Recorded data
+-------+
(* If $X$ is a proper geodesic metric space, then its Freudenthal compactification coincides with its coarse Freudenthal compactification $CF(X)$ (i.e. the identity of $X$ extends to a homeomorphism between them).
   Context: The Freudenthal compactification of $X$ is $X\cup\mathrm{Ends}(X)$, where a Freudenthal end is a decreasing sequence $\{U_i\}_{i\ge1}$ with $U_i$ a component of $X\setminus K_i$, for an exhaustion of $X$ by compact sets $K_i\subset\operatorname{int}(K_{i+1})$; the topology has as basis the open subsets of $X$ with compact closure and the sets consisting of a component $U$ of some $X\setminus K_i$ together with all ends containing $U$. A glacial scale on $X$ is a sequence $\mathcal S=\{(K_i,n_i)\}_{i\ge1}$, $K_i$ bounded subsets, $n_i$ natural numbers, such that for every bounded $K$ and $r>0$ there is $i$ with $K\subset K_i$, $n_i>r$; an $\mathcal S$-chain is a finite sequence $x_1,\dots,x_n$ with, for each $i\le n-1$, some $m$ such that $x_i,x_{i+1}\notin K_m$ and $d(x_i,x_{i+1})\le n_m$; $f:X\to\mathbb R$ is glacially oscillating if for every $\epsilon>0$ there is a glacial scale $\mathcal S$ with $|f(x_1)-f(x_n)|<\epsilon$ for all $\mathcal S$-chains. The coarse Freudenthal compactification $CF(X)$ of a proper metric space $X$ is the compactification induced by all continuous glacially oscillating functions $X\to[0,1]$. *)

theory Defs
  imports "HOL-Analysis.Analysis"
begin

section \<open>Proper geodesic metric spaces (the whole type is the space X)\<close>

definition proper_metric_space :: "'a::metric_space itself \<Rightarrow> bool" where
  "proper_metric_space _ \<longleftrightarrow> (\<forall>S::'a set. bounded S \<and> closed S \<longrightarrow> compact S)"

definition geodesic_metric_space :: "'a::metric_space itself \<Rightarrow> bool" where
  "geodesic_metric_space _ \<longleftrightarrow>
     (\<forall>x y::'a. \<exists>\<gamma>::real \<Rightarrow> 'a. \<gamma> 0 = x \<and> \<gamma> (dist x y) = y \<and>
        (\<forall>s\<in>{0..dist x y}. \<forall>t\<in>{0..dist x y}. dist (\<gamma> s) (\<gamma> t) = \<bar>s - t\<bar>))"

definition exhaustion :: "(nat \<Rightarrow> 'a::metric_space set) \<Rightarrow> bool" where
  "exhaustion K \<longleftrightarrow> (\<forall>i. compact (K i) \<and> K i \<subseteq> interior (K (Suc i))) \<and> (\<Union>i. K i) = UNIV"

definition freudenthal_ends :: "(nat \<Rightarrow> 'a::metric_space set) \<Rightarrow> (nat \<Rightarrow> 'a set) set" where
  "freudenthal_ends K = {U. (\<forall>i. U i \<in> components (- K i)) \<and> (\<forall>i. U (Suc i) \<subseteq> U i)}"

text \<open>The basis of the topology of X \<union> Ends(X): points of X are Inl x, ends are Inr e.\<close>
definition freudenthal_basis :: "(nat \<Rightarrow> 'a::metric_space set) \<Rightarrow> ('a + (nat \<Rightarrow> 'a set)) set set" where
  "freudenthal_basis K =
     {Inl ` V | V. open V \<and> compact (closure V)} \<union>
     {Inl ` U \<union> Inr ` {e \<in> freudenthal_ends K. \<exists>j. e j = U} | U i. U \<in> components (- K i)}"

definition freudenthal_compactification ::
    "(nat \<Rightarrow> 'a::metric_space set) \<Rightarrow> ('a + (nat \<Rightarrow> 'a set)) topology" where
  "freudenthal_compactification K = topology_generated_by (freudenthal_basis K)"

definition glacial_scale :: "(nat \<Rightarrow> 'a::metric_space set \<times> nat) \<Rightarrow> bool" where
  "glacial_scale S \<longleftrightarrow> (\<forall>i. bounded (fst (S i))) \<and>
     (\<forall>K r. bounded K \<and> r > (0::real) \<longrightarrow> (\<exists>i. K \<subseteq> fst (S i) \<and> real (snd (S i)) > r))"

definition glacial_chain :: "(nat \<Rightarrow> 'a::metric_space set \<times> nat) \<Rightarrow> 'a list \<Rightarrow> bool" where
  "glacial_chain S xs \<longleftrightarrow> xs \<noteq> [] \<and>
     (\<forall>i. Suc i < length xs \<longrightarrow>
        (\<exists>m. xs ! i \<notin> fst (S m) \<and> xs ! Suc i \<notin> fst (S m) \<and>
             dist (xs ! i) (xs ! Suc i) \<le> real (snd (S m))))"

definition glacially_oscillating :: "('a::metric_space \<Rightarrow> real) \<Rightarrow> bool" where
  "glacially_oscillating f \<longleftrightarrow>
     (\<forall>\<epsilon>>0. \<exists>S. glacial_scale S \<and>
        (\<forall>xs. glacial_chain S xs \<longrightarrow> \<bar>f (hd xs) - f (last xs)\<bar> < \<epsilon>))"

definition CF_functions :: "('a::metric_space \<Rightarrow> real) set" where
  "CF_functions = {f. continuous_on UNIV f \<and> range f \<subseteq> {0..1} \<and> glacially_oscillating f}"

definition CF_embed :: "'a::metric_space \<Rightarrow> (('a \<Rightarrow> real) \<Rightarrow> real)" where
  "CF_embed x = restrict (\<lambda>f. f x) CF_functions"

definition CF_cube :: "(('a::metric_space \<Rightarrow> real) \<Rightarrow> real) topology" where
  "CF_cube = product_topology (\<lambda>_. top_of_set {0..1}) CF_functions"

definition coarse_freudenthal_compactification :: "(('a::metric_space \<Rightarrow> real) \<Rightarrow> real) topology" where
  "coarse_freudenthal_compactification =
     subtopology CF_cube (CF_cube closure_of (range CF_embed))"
+-------+
### PROBLEM DETAILS
Search the records for lines holding the word "subseteq", then copy each line you find.

### EXERCISE ANSWER
  "exhaustion K \<longleftrightarrow> (\<forall>i. compact (K i) \<and> K i \<subseteq> interior (K (Suc i))) \<and> (\<Union>i. K i) = UNIV"
  "freudenthal_ends K = {U. (\<forall>i. U i \<in> components (- K i)) \<and> (\<forall>i. U (Suc i) \<subseteq> U i)}"
     (\<forall>K r. bounded K \<and> r > (0::real) \<longrightarrow> (\<exists>i. K \<subseteq> fst (S i) \<and> real (snd (S i)) > r))"
  "CF_functions = {f. continuous_on UNIV f \<and> range f \<subseteq> {0..1} \<and> glacially_oscillating f}"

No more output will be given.